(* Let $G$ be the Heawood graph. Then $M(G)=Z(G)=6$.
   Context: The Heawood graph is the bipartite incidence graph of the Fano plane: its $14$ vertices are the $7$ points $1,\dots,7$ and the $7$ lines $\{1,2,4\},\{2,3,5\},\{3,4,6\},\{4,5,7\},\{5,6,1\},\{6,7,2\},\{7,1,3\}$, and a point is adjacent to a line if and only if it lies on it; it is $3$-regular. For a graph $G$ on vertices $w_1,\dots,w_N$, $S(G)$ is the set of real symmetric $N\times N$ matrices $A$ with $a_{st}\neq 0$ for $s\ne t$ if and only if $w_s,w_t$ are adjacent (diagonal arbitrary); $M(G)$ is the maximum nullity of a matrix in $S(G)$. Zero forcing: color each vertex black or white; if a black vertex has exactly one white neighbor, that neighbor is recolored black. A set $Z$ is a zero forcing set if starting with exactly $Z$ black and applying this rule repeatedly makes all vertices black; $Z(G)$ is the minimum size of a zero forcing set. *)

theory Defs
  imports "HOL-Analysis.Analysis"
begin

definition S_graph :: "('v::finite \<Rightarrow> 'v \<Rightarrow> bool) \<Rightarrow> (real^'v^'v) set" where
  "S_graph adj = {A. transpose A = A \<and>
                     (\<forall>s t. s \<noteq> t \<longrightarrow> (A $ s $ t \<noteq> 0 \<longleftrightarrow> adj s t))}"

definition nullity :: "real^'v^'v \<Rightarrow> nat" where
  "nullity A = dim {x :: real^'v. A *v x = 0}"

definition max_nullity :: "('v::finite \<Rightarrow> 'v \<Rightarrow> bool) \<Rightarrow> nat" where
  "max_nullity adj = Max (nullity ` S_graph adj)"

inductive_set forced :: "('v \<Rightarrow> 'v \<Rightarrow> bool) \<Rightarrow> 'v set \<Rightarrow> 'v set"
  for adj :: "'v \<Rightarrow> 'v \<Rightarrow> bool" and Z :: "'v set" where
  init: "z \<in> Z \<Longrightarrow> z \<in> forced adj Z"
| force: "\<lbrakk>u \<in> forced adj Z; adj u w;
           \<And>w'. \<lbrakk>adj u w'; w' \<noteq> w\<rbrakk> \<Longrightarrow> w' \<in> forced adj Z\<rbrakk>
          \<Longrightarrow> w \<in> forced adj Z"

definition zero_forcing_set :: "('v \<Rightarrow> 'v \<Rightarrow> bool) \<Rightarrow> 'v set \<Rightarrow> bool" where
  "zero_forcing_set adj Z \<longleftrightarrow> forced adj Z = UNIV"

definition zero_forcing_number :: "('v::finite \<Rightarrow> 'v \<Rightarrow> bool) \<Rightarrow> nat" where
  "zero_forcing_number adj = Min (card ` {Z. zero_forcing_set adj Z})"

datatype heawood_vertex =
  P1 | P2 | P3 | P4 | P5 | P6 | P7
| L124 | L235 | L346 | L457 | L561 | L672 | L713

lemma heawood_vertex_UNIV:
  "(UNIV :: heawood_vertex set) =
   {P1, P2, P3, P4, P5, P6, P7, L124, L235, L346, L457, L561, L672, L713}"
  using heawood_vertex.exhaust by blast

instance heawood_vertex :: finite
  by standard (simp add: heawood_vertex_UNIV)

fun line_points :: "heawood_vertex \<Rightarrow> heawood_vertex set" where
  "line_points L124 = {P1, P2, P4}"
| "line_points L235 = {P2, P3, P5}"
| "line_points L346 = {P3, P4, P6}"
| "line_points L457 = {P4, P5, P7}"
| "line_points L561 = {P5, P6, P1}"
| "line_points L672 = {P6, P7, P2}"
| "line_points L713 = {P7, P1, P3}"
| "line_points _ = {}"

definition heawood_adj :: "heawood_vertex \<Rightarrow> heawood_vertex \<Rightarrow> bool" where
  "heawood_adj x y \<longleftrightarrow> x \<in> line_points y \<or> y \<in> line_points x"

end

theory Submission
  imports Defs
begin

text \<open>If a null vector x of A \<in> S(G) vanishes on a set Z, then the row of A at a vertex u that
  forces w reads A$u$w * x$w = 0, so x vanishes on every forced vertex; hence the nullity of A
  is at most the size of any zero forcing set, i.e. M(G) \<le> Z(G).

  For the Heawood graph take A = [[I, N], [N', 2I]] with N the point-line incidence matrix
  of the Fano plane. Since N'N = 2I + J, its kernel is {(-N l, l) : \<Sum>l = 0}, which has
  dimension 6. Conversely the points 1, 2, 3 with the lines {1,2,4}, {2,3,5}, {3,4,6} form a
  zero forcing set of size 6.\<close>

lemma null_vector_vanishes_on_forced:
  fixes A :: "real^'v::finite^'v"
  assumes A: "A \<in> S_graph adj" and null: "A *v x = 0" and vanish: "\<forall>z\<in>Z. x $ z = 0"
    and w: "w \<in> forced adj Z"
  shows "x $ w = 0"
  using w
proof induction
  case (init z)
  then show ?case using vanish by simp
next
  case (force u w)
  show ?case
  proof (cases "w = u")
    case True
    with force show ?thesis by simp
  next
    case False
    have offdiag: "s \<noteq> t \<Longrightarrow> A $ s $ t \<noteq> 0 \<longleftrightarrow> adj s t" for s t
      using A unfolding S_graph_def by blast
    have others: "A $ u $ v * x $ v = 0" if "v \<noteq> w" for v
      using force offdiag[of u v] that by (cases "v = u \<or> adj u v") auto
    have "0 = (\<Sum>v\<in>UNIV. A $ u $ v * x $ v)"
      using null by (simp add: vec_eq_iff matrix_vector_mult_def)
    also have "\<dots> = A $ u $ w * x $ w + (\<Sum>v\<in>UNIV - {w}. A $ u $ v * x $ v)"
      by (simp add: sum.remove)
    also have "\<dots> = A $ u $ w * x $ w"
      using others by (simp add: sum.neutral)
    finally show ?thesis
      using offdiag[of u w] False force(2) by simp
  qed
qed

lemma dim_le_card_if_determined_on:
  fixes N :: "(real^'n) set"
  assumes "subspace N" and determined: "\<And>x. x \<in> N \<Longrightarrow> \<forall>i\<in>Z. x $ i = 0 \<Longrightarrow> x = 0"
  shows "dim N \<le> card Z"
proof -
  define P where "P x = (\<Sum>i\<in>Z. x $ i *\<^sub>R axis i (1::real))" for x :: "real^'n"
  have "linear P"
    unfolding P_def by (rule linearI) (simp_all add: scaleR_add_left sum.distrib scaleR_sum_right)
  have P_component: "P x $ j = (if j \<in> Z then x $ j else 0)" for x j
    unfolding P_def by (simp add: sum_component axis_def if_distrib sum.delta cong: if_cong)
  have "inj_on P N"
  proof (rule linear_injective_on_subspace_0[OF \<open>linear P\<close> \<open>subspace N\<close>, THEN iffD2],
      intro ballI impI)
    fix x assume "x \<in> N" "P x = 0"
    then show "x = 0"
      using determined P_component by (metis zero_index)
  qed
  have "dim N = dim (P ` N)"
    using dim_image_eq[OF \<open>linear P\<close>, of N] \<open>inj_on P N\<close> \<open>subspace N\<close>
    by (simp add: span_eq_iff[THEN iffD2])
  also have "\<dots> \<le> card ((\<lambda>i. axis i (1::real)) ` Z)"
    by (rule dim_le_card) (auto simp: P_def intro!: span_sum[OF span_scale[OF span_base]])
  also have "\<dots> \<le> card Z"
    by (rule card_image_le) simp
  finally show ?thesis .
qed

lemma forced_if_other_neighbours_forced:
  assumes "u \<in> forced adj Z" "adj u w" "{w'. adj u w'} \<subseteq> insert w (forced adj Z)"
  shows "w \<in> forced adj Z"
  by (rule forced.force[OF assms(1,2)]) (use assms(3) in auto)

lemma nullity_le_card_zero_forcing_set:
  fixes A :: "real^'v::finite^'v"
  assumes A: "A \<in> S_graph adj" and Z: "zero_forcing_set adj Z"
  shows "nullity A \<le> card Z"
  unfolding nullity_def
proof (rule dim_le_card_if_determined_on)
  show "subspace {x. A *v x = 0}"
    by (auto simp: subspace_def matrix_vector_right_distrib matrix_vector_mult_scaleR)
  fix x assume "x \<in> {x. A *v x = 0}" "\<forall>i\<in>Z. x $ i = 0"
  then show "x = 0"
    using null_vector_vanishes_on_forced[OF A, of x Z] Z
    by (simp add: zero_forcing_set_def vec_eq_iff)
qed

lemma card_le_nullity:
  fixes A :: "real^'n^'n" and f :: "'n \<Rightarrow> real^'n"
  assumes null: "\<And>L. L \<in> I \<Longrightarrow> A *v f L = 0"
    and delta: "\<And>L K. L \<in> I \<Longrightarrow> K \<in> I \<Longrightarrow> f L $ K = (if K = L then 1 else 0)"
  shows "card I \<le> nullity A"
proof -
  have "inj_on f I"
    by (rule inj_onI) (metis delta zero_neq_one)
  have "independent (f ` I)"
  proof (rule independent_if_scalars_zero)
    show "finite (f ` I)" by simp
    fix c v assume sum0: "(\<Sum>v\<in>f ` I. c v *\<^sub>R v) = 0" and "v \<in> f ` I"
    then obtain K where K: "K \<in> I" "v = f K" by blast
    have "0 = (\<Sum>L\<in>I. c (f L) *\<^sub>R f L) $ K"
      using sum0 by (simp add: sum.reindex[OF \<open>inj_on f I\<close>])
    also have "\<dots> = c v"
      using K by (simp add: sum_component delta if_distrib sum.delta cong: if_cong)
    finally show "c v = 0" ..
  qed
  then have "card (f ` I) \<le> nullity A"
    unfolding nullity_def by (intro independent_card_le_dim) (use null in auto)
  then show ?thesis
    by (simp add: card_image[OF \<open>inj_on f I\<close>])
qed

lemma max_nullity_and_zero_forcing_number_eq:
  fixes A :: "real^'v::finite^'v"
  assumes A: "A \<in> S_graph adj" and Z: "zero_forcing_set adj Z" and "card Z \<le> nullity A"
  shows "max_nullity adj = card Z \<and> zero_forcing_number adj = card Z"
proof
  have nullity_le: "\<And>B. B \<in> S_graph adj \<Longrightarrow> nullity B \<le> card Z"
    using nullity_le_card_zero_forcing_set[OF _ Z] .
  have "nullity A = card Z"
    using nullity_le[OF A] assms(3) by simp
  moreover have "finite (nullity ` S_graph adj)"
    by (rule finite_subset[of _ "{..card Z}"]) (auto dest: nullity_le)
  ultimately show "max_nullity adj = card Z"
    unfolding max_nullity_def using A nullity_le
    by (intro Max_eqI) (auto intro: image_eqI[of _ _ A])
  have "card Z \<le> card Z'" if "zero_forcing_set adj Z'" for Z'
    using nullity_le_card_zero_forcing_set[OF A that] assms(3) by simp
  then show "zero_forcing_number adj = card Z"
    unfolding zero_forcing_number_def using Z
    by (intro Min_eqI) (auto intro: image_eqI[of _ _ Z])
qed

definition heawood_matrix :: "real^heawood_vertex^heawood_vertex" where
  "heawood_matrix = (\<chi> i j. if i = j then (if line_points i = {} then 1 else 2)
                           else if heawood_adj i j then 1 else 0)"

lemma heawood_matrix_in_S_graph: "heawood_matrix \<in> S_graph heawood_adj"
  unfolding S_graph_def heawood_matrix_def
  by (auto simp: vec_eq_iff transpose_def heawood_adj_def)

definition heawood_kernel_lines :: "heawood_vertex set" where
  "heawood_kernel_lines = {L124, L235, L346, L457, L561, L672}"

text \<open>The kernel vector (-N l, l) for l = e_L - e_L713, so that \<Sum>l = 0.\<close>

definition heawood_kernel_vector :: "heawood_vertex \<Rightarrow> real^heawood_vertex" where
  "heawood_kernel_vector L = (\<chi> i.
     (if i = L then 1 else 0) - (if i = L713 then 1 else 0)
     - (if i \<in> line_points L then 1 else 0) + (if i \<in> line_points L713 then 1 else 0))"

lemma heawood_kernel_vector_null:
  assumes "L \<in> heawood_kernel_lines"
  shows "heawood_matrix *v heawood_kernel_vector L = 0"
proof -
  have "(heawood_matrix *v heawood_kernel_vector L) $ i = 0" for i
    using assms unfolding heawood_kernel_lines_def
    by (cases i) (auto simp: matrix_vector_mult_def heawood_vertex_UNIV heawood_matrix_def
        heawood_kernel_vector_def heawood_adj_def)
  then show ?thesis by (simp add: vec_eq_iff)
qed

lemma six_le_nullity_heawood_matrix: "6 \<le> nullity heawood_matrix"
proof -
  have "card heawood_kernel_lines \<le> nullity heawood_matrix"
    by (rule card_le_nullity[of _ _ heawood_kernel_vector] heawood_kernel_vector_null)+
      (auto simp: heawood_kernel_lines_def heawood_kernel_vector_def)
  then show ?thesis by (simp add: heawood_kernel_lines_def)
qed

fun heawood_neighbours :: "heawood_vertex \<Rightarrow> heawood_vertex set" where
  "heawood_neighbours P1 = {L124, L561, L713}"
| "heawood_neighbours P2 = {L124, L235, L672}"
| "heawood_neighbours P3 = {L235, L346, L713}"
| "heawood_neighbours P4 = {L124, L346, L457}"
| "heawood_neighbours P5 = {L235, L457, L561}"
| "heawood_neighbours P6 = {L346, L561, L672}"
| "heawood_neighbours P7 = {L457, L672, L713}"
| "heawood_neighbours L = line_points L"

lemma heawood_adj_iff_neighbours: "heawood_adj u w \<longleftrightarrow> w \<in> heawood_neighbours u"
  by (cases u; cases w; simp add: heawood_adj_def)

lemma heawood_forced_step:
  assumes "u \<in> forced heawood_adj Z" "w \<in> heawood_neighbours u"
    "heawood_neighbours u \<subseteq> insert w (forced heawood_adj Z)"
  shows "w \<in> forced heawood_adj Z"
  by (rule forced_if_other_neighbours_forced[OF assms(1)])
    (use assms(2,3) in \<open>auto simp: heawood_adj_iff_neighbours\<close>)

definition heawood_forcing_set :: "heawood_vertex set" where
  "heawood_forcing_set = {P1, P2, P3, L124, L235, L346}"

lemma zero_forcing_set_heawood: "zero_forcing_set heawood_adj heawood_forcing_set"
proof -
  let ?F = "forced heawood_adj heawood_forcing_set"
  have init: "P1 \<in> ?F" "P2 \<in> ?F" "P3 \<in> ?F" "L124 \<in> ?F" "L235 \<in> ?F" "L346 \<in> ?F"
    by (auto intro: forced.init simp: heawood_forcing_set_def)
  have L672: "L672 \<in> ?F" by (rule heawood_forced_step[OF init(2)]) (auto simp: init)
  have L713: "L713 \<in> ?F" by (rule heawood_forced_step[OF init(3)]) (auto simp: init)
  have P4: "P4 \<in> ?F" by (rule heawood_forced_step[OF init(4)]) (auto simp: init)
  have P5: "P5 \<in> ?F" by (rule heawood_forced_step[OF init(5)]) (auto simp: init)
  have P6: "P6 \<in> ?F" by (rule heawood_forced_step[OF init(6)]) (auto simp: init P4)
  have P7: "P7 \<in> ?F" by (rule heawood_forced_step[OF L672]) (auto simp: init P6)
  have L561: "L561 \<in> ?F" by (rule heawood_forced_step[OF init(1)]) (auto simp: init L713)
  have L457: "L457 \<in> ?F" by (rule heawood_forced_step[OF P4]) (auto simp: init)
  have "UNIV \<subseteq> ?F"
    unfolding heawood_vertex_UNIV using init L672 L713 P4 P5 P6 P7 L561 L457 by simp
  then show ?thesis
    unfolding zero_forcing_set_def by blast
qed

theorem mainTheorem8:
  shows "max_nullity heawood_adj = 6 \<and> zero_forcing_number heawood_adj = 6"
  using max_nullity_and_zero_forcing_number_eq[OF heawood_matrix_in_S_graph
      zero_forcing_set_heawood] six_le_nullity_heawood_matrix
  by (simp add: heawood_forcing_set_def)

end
____________
**Directions for this task:**
The expected answer is every line above in which the word "close" appears.

**Response to this exercise:**
  zero forcing set of size 6.\<close>
  proof (rule linear_injective_on_subspace_0[OF \<open>linear P\<close> \<open>subspace N\<close>, THEN iffD2],
    using dim_image_eq[OF \<open>linear P\<close>, of N] \<open>inj_on P N\<close> \<open>subspace N\<close>
      using sum0 by (simp add: sum.reindex[OF \<open>inj_on f I\<close>])
    by (simp add: card_image[OF \<open>inj_on f I\<close>])
text \<open>The kernel vector (-N l, l) for l = e_L - e_L713, so that \<Sum>l = 0.\<close>
    (use assms(2,3) in \<open>auto simp: heawood_adj_iff_neighbours\<close>)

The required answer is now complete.